Spiro also talked through a follow-up product Parlux subsequently created as part of its alliance with the rapper that was sold in Superdrug in the UK. “Again, it’s crappy, lazy work”, Carter said of the Superdrug partnership, which he claims he never approved.

Nor would he have done, Carter added, Superdrug hardly being an appropriate partner for what he considered to be a high-end perfume product. In another email shown in court, sent around about the launch of the Superdrug partnership, one of the rapper’s team wrote: “Parlux is out of control … they are rogue”.

However, Carter insisted during Spiro’s questions, these creative differences did not lead to him seeking to force the perfume products Parlux was selling to fail. After all, he said, the products still had his name on the side of the bottle, and it was his reputation that would take a hit from any failure. He’d never “cut off my nose to spite my face”, he told the courtroom.

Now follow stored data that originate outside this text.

lemma chain_subset_Inter_meets_finite:
  assumes "C \<noteq> {}" "chain\<^sub>\<subseteq> C" "finite S" "\<forall>A\<in>C. A \<inter> S \<noteq> {}"
  shows "\<Inter>C \<inter> S \<noteq> {}"
proof
  assume "\<Inter>C \<inter> S = {}"
  then have "S \<subseteq> \<Union>(uminus ` C)" by auto
  moreover have "subset.chain UNIV (uminus ` C)"
    using assms(2) by (auto simp: chain_subset_alt_def subset_chain_def)
  ultimately obtain B where "B \<in> uminus ` C" "S \<subseteq> B"
    using finite_subset_Union_chain[OF assms(3)] assms(1) by blast
  then show False using assms(4) by auto
qed

text \<open>The invariant of the Zorn-style proof of Rudin's lemma: its minimal instances are directed.\<close>
definition rudin_admissible :: "'a::order set set \<Rightarrow> 'a set \<Rightarrow> bool" where
  "rudin_admissible FF A \<longleftrightarrow> (\<forall>F\<in>FF. A \<inter> F \<noteq> {}) \<and>
     (\<forall>F\<in>FF. \<forall>G\<in>FF. G \<subseteq> up_cl F \<longrightarrow> A \<inter> G \<subseteq> up_cl (A \<inter> F))"

lemma rudin_admissible_UNIV: "\<forall>F\<in>FF. F \<noteq> {} \<Longrightarrow> rudin_admissible FF UNIV"
  by (auto simp: rudin_admissible_def)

Spiro’s questions were presumably designed to convince the jury that Parlux simply didn’t understand how to market a perfume brand involving a prestigious music star like Jay-Z, meaning it therefore screwed up the launch, and is now using this lawsuit to shirk the blame. Whether the jury bought that line of argument we don’t yet know, of course, though it’s certain that the Viola v Carter element of yesterday’s proceedings was much more entertaining for the jurors.

The sparring that began on Friday very much continued. Along the way, according to Rolling Stone, Carter accused Viola of “playing lawyer tricks” and “playing word games”, and at one point turned to the judge and asked, “is this even allowed?”

During one particularly testy exchange Carter, who reckoned emails gathered by the plaintiff’s side proved his point, declared: “Pull them up, you have all the emails – when they suit you, you’ve been pulling them up, and when they don’t, you play your little lawyer tricks”.

Elsewhere, Viola asked – if, as Carter had claimed during Spiro’s questions, Parlux had made spin-off products without the rapper’s specific approval – why didn’t he sue the company for something like trademark infringement.

Carter has actually sued the perfume firm for allegedly unpaid royalties, but that litigation came after Parlux went legal in 2016. Why not go legal sooner if Parlux was “going rouge”? “I don’t typically sue people”, Carter stated. “But in this case, I’ll make a special example. And I hope you’re the lawyer”.

As do we all, given how entertaining the Viola/Carter sparring has proven to be. Indeed, once this legal battle is over, maybe the rapper could get the lawyer to guest on a track. In the meantime, the case continues.